Labour & European Law Review Weekly Issue 403 21 January 2015
Although claimants cannot pursue a claim in a court dealing with matters that have already been considered in another court, the Court of Appeal held in Nayif v High Commission of Brunei Darussalam that if the claim was rejected because it was beyond the first court’s jurisdiction, a case based on the same facts could still be heard elsewhere.
Mr Nayif, a chauffeur employed by the High Commission of Brunei Darussalam, brought claims of bullying, harassment and abuse which he said were due to race discrimination, and which caused him to suffer psychiatric injury. However, without hearing the substantive merits (or otherwise) of his case, the tribunal ruled that his claims were out of time and that there were no grounds for extending the time. His application for permission to appeal against that decision was also refused.
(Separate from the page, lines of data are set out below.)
lemma Kop_edge_mode:
  "Kop \<epsilon> \<beta>1 \<beta>2 h (edge_mode t a1 a2) =
     edge_mode t (K_symbol1 \<epsilon> \<beta>1 \<beta>2 h t a1 a2 / of_real (h^2)) (K_symbol2 \<epsilon> \<beta>1 \<beta>2 h t a1 a2 / of_real (h^2))"
  unfolding Kop_def edge_mode_def K_symbol1_def K_symbol2_def Let_def
  by (auto simp: lattice_neighbours wave_sh_simps algebra_simps add_divide_distrib diff_divide_distrib)

lemma Mop_edge_mode: "Mop (edge_mode t a1 a2) = edge_mode t (M_symbol1 t a1) (M_symbol2 t a2)"
  unfolding Mop_def edge_mode_def M_symbol1_def M_symbol2_def
  by (auto simp: lattice_neighbours wave_sh_simps algebra_simps)

lemma GT_symbol_K_symbol:
  assumes "\<epsilon> > 0"
  shows "GT_symbol t (K_symbol1 \<epsilon> \<beta>1 \<beta>2 h t a1 a2) (K_symbol2 \<epsilon> \<beta>1 \<beta>2 h t a1 a2) = 0"
  using w1_nonzero[of t] w2_nonzero[of t]
  unfolding GT_symbol_def K_symbol1_def K_symbol2_def Let_def
    of_real_Bern_uminus[OF assms] of_real_sigma[OF assms]
  by (simp add: field_simps) algebra

lemma Aop_edge_mode:
  "Aop \<epsilon> \<beta>1 \<beta>2 h \<gamma> (edge_mode t a1 a2) =
     edge_mode t (K_symbol1 \<epsilon> \<beta>1 \<beta>2 h t a1 a2 / of_real (h^2) + of_real \<gamma> * M_symbol1 t a1)
                 (K_symbol2 \<epsilon> \<beta>1 \<beta>2 h t a1 a2 / of_real (h^2) + of_real \<gamma> * M_symbol2 t a2)"
  unfolding Aop_def Kop_edge_mode Mop_edge_mode by (auto simp: edge_mode_def algebra_simps)

lemma GT_Aop_edge_mode:
  assumes "\<epsilon> > 0"
  shows "GT (Aop \<epsilon> \<beta>1 \<beta>2 h \<gamma> (edge_mode t a1 a2)) =
    (\<lambda>k. of_real \<gamma> * GT_symbol t (M_symbol1 t a1) (M_symbol2 t a2) * phi Nset t k)"
proof -
  have "GT_symbol t (K_symbol1 \<epsilon> \<beta>1 \<beta>2 h t a1 a2 / of_real (h^2) + of_real \<gamma> * M_symbol1 t a1)
                    (K_symbol2 \<epsilon> \<beta>1 \<beta>2 h t a1 a2 / of_real (h^2) + of_real \<gamma> * M_symbol2 t a2)
     = GT_symbol t (K_symbol1 \<epsilon> \<beta>1 \<beta>2 h t a1 a2) (K_symbol2 \<epsilon> \<beta>1 \<beta>2 h t a1 a2) / of_real (h^2)
       + of_real \<gamma> * GT_symbol t (M_symbol1 t a1) (M_symbol2 t a2)"
    unfolding GT_symbol_def by (simp add: algebra_simps add_divide_distrib diff_divide_distrib)
  then show ?thesis
    unfolding Aop_edge_mode GT_edge_mode GT_symbol_K_symbol[OF assms] by simp
qed

lemma trig_eq_w:
  "complex_of_real (cos (fst t)) = (w1 t^2 + inverse (w1 t)^2) / 2"
  "complex_of_real (cos (snd t)) = (w2 t^2 + inverse (w2 t)^2) / 2"
  "\<i>/2 * complex_of_real (sin (fst t)) = (w1 t^2 - inverse (w1 t)^2) / 4"
  "\<i>/2 * complex_of_real (sin (snd t)) = (w2 t^2 - inverse (w2 t)^2) / 4"
  "complex_of_real (sin (fst t / 2))^2 = - ((w1 t - inverse (w1 t))^2) / 4"
  "complex_of_real (sin (snd t / 2))^2 = - ((w2 t - inverse (w2 t))^2) / 4"
  "complex_of_real (sin (fst t / 2)) = (w1 t - inverse (w1 t)) / (2*\<i>)"
  "complex_of_real (sin (snd t / 2)) = (w2 t - inverse (w2 t)) / (2*\<i>)"
  unfolding w1_def w2_def
  by (rule cos_eq_cis_half sin_eq_cis_half sin_half_square_eq_cis_half sin_half_eq_cis_half)+

lemma Dsym_eq_symbols:
  assumes "\<epsilon> > 0"
  shows "Dsym \<epsilon> \<beta>1 \<beta>2 h t =
   (2 + (w2 t^2 + inverse (w2 t)^2)/2) * (- ((w1 t - inverse (w1 t))^2) / 4)
      * (2 * of_real (Bern \<epsilon> (\<beta>1*h)) + of_real (\<beta>1*h))
   + (2 + (w1 t^2 + inverse (w1 t)^2)/2) * (- ((w2 t - inverse (w2 t))^2) / 4)
      * (2 * of_real (Bern \<epsilon> (\<beta>2*h)) + of_real (\<beta>2*h))
   - (w1 t^2 - inverse (w1 t)^2) / 4 * of_real (\<beta>1*h) * (2 + (w2 t^2 + inverse (w2 t)^2)/2)
   - (w2 t^2 - inverse (w2 t)^2) / 4 * of_real (\<beta>2*h) * (2 + (w1 t^2 + inverse (w1 t)^2)/2)"
proof -
  have "Dsym \<epsilon> \<beta>1 \<beta>2 h t =
     (2 + of_real (cos (snd t))) * of_real (sin (fst t/2))^2 * of_real (sigma \<epsilon> (\<beta>1*h))
     + (2 + of_real (cos (fst t))) * of_real (sin (snd t/2))^2 * of_real (sigma \<epsilon> (\<beta>2*h))
     - (\<i>/2 * of_real (sin (fst t))) * of_real (\<beta>1*h) * (2 + of_real (cos (snd t)))
     - (\<i>/2 * of_real (sin (snd t))) * of_real (\<beta>2*h) * (2 + of_real (cos (fst t)))"
    unfolding Dsym_def Let_def by (simp add: field_simps)
  then show ?thesis
    unfolding trig_eq_w(1-6) of_real_sigma[OF assms] .
qed

lemma GT_symbol_M_symbol_Jgrad_symbol:
  assumes "\<epsilon> > 0"
  shows "GT_symbol t (M_symbol1 t (c * Jgrad_symbol1 \<epsilon> \<beta>1 h t)) (M_symbol2 t (c * Jgrad_symbol2 \<epsilon> \<beta>2 h t))
    = 2/3 * Dsym \<epsilon> \<beta>1 \<beta>2 h t * c"
  using w1_nonzero[of t] w2_nonzero[of t]
  unfolding GT_symbol_def M_symbol1_def M_symbol2_def Jgrad_symbol1_def Jgrad_symbol2_def
    Dsym_eq_symbols[OF assms] of_real_Bern_uminus[OF assms]
  by (simp add: field_simps) algebra

lemma GT_symbol_M_symbol_psis:
  "GT_symbol t (M_symbol1 t (w2 t - inverse (w2 t))) (M_symbol2 t (inverse (w1 t) - w1 t))
    = 4/3 * of_real (sin (fst t / 2) * sin (snd t / 2) * (cos (snd t) - cos (fst t)))"
  using w1_nonzero[of t] w2_nonzero[of t]
  unfolding GT_symbol_def M_symbol1_def M_symbol2_def of_real_mult of_real_diff
    trig_eq_w(1,2,7,8)
  by (simp add: field_simps)

section \<open>The coarse symbol and the two-level operator\<close>

lemma sin_half_eq_0_imp_eq_0:
  assumes "x \<in> {-pi/2..<3*pi/2}" and "sin (x/2) = 0"
  shows "x = 0"
proof -
  obtain i :: int where i: "x/2 = of_int i * pi"
    using assms(2) by (auto simp: sin_zero_iff_int2)
  with assms(1) have "-1/4 * pi \<le> of_int i * pi" and "of_int i * pi < 3/4 * pi"
    by auto
  then have "-1/4 \<le> (of_int i :: real)" and "(of_int i :: real) < 3/4"
    by (simp_all only: mult_le_cancel_right_pos[OF pi_gt_zero] mult_less_cancel_right_pos[OF pi_gt_zero])
  then have "i = 0"
    by linarith
  with i show ?thesis
    by simp
qed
He then issued proceedings in the High Court for negligence and breach of contract in relation to the psychiatric injury he alleged he had suffered. However, the High Commission argued that he could not claim damages for compensation which arose from the same facts that had already been dismissed by the tribunal, a defence known as “issue estoppel”.
High Court decision
With “considerable reluctance”, the High Court judge agreed with that defence, on the basis that he was bound by the decision of the Court of Appeal in Lennon v Birmingham City Council. In that case (where the facts were very similar to this one), the Court ruled that the doctrine was not predicated on why the Court made the decision to dismiss the claim, but just on the simple fact that an order had been made.
Mr Nayif appealed against that decision.
Decision of Court of Appeal
The Court of Appeal held that, although in general issues which have been litigated should not be re-opened, it could see no justification for that principle applying in circumstances where the issues had not been adjudicated and none of the parties could be said to have conceded the issue by choosing not to have the matter formally decided.
The reality was that, had Mr Nayif started his action for negligence in the tribunal, it would not have had jurisdiction to hear it. In those circumstances, it did not make sense to say that a final judgment had been handed down and therefore it could not be litigated again if he had subsequently brought proceedings in the High Court for negligence. Although the tribunal decided it could not hear the race discrimination claim, it would be unjust to treat that decision as the final disposal of his entire claim.
Although the decision in Lennon could be read as applying to any case, the Court of Appeal held that the words had to be read in the context of the facts of that case and could not be taken to include situations where the order dismissing proceedings was the result of a refusal by a court to accept jurisdiction. It also referred to the later case of Ako v Rothschild Asset Management Ltd in which the Court of Appeal recognised that there was a distinction between a situation where the intention was to dismiss a claim as opposed to discontinue it. If it was clear on the facts that the withdrawal was essentially a discontinuation of proceedings, the principle that the issue had already been litigated would not apply even though the application had been dismissed.
The Court of Appeal therefore gave permission for Mr Nayif to pursue his negligence action in the High Court.